** DIRECTIONS FOR THIS TASK **
In the entries below, identify every line with the string "symD" and copy it.

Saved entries
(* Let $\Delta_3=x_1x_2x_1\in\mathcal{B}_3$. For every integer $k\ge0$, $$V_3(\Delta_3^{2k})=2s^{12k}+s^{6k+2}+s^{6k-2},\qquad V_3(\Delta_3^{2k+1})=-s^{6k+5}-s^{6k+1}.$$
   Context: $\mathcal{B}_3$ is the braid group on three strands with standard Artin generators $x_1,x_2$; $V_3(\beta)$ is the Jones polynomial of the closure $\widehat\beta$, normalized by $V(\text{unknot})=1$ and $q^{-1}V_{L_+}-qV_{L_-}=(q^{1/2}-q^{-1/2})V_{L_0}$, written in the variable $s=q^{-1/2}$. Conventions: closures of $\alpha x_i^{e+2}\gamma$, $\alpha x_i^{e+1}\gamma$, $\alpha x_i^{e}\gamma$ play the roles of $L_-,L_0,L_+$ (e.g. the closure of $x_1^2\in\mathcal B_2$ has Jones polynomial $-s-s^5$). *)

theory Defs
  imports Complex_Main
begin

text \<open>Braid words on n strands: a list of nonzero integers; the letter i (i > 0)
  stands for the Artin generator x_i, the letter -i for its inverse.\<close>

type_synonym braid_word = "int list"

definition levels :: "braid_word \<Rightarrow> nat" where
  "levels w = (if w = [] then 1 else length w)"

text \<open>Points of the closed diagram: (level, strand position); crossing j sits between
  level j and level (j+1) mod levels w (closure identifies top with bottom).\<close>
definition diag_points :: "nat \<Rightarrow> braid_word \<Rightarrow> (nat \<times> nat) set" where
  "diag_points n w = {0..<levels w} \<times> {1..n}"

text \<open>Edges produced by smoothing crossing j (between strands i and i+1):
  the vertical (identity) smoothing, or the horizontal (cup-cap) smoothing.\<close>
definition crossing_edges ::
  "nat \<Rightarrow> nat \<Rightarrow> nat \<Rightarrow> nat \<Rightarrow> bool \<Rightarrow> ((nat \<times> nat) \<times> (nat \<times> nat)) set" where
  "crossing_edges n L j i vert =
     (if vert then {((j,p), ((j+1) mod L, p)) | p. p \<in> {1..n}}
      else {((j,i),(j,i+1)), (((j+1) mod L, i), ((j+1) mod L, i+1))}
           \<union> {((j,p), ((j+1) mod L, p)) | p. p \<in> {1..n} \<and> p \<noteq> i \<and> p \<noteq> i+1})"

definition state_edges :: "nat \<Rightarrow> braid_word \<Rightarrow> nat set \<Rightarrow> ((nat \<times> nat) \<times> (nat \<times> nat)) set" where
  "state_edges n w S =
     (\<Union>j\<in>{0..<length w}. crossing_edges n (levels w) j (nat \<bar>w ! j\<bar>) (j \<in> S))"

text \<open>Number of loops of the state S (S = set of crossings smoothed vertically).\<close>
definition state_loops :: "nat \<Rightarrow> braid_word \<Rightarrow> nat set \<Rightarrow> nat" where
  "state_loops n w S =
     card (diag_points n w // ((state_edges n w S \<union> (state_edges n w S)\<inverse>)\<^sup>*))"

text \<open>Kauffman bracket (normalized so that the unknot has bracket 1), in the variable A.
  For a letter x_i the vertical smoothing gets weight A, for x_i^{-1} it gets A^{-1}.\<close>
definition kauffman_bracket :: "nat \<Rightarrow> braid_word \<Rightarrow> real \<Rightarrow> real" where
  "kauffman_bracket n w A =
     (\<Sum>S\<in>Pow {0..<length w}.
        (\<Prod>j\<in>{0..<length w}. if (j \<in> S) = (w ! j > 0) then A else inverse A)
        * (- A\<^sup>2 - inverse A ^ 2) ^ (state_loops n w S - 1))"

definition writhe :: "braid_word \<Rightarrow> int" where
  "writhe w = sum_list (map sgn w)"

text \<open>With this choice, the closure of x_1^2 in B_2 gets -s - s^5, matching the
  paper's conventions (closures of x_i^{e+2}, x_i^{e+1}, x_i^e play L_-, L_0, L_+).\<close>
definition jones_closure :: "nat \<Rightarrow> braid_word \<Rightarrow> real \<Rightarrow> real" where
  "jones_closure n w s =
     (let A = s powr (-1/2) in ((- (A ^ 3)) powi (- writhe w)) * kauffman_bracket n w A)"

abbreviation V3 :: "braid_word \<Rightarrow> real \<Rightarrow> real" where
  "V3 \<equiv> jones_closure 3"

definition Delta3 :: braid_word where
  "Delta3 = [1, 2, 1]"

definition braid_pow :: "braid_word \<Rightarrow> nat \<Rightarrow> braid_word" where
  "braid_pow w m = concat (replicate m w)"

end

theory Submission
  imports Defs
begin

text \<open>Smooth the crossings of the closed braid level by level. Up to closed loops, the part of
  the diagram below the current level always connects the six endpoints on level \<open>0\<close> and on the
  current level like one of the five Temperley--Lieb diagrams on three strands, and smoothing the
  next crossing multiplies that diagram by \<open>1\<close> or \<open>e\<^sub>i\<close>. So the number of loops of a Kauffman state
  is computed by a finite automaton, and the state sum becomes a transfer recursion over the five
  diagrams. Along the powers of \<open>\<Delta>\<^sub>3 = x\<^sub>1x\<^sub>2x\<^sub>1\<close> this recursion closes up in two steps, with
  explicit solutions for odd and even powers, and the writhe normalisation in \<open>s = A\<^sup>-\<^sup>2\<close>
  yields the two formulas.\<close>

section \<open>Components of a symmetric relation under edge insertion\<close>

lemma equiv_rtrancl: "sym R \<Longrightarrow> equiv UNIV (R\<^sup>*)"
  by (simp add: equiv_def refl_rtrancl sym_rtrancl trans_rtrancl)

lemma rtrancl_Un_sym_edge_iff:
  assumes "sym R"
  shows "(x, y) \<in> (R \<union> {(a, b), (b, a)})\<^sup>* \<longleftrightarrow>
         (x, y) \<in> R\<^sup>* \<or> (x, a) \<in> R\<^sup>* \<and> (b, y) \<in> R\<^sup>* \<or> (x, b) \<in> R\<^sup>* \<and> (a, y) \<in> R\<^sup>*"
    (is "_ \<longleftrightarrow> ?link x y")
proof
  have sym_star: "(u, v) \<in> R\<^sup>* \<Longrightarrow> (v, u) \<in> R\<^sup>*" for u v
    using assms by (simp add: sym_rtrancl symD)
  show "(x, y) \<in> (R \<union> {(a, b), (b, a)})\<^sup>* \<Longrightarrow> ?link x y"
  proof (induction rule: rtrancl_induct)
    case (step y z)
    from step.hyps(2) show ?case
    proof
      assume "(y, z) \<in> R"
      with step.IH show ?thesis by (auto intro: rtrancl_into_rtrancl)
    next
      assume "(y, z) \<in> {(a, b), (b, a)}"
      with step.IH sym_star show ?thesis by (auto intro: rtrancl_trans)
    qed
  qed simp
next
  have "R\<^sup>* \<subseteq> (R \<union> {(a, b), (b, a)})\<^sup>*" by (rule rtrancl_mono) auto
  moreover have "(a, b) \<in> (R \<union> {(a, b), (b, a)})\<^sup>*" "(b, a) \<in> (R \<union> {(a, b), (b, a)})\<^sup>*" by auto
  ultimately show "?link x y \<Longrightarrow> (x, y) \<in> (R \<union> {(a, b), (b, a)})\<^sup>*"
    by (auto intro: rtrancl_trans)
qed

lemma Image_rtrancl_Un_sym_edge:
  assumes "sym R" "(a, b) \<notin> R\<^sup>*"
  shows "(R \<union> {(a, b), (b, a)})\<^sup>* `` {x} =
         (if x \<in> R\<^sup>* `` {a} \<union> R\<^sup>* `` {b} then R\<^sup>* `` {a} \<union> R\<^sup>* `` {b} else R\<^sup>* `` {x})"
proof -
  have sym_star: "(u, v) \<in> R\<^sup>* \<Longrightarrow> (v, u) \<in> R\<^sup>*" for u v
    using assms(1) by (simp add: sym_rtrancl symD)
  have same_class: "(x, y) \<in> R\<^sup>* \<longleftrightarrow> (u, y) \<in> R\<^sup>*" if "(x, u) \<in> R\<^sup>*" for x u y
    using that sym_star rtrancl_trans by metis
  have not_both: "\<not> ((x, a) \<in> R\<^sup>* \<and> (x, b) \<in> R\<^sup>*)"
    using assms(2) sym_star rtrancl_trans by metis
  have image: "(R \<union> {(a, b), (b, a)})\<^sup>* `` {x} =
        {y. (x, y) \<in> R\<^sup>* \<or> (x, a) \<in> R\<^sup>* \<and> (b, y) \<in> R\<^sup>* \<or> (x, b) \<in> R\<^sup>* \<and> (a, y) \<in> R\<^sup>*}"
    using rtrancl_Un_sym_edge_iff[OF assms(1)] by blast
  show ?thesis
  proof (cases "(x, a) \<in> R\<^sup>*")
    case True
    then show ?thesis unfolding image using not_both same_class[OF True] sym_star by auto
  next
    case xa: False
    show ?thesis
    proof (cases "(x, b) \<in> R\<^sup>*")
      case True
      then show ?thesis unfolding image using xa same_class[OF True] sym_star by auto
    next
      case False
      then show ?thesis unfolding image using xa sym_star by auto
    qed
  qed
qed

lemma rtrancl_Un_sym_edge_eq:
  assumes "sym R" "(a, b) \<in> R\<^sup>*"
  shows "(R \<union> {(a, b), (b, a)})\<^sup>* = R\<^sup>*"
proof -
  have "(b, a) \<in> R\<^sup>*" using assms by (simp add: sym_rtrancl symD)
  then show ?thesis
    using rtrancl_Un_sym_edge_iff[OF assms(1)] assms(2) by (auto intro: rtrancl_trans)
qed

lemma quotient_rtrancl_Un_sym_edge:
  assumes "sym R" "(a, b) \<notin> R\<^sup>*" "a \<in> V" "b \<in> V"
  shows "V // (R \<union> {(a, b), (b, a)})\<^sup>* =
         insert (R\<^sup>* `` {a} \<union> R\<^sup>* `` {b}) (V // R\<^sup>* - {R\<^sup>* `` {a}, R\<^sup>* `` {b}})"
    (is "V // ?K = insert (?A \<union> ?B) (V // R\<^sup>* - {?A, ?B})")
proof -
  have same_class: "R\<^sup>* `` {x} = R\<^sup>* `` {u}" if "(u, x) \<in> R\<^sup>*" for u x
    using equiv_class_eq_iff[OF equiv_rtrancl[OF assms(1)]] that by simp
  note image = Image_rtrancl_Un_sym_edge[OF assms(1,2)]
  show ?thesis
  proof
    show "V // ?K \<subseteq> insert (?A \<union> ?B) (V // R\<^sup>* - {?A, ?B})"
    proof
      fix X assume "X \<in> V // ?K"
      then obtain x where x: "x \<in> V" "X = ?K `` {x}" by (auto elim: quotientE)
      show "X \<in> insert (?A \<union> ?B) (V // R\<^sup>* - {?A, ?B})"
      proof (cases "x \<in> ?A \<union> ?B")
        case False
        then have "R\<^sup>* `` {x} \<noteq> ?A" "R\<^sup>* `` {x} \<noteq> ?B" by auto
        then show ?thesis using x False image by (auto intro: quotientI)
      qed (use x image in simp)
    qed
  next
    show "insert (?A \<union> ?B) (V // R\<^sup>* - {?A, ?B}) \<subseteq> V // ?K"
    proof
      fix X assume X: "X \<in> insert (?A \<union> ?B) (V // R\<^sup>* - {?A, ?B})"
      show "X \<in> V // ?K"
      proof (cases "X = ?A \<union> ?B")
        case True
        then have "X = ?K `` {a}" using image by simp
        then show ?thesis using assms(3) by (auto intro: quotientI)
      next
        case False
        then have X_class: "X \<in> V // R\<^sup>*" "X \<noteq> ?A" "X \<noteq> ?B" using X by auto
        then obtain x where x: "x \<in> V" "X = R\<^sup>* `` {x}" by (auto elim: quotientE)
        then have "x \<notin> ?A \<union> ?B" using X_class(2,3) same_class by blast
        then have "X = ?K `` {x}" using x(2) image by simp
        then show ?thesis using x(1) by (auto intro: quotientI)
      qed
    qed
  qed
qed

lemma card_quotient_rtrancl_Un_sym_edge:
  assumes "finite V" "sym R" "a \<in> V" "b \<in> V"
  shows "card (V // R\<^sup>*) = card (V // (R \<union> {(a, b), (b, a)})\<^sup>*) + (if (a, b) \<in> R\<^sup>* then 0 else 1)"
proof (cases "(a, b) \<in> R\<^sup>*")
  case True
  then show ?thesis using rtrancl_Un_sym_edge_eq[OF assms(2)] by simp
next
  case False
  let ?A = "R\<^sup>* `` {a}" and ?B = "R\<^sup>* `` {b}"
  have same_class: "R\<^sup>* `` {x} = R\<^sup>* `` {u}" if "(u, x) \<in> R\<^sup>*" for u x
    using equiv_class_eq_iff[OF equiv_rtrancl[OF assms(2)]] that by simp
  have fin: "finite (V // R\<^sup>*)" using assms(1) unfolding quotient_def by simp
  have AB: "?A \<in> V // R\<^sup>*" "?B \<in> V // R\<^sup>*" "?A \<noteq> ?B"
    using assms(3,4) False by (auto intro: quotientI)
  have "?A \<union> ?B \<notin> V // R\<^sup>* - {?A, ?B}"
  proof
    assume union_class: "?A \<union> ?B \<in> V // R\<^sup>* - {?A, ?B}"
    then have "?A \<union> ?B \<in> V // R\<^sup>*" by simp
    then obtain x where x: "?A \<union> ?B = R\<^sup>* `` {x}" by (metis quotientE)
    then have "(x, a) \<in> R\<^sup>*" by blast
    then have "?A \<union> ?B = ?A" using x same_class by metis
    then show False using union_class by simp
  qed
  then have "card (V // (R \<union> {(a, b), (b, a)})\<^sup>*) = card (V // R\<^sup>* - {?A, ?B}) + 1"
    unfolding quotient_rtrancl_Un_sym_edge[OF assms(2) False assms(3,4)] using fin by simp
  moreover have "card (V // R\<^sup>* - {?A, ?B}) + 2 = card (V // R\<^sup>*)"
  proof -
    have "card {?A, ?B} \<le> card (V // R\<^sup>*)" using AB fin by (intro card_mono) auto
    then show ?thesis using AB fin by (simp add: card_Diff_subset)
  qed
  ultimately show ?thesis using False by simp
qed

==

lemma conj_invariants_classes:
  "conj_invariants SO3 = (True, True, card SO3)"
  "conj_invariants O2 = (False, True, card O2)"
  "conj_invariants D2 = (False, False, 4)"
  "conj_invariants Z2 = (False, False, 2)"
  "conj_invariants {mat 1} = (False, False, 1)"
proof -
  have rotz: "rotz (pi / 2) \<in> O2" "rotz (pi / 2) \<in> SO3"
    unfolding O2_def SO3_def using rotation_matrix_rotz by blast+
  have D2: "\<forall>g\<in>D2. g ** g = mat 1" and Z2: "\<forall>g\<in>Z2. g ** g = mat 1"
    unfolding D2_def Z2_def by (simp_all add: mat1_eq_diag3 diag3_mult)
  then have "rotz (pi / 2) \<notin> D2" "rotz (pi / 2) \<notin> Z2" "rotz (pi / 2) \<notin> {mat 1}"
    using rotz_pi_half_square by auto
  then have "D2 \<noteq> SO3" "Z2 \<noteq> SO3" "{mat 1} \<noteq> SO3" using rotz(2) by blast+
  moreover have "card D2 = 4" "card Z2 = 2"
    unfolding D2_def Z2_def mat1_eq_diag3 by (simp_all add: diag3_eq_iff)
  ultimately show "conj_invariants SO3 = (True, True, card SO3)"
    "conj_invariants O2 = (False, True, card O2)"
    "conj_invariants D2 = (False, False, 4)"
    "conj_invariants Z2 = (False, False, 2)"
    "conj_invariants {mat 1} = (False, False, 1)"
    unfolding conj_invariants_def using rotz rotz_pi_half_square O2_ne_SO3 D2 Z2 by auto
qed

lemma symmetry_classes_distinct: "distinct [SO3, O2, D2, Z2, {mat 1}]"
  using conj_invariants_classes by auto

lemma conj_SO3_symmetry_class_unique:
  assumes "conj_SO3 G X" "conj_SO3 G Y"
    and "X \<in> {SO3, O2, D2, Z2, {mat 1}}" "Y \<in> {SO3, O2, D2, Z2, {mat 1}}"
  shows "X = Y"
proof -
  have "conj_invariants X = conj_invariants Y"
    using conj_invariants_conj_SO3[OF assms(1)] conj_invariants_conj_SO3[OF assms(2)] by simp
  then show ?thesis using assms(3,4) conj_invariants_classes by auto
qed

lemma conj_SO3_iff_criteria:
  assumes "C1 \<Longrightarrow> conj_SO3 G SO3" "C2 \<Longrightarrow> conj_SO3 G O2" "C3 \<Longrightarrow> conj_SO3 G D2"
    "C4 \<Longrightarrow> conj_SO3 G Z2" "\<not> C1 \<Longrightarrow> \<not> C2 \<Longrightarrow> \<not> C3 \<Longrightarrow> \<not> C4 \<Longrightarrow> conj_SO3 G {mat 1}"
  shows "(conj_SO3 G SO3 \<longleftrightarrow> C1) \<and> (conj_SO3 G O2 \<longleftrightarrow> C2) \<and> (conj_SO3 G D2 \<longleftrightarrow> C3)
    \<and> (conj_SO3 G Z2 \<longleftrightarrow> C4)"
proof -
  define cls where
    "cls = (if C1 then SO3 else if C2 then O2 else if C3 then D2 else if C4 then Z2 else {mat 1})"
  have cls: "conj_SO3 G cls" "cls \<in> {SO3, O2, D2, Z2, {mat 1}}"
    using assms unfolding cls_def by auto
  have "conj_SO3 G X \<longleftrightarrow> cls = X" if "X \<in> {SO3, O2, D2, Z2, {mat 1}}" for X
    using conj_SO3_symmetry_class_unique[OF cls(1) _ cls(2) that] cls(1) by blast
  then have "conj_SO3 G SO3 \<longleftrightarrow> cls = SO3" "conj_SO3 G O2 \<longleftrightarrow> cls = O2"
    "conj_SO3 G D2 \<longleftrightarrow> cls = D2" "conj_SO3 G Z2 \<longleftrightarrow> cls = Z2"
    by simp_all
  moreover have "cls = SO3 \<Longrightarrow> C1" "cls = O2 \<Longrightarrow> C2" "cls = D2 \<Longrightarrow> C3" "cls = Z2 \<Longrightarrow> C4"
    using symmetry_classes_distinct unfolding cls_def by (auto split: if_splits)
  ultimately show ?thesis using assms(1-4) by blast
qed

...

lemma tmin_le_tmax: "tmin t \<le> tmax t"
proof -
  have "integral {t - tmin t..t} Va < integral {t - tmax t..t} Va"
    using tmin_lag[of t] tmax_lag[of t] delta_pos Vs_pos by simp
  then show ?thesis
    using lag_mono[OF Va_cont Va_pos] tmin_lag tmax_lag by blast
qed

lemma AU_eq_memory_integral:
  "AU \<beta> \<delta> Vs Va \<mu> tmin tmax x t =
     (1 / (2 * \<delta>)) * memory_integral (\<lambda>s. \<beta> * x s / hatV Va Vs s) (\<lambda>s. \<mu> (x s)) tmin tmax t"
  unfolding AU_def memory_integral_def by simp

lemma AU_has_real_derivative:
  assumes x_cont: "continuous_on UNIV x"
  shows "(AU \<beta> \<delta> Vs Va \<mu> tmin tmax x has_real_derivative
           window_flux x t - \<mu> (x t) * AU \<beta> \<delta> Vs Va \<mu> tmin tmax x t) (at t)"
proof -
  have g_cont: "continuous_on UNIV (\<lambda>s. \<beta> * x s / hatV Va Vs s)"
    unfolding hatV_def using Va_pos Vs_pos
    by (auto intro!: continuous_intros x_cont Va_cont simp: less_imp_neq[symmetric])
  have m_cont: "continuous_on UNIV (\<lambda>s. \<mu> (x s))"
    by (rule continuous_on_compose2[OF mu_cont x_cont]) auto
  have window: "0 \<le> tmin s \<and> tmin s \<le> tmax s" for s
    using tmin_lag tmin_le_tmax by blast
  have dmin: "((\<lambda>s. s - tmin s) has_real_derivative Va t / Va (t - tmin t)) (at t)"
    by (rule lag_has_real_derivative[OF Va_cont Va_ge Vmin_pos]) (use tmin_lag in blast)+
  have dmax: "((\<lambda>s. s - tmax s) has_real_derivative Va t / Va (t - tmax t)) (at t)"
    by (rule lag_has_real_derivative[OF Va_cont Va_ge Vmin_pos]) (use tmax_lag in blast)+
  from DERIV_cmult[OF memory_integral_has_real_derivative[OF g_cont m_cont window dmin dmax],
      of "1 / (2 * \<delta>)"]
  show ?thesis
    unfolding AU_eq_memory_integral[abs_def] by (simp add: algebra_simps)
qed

** EXERCISE SOLUTION **
    using assms by (simp add: sym_rtrancl symD)
    using assms(1) by (simp add: sym_rtrancl symD)
  have "(b, a) \<in> R\<^sup>*" using assms by (simp add: sym_rtrancl symD)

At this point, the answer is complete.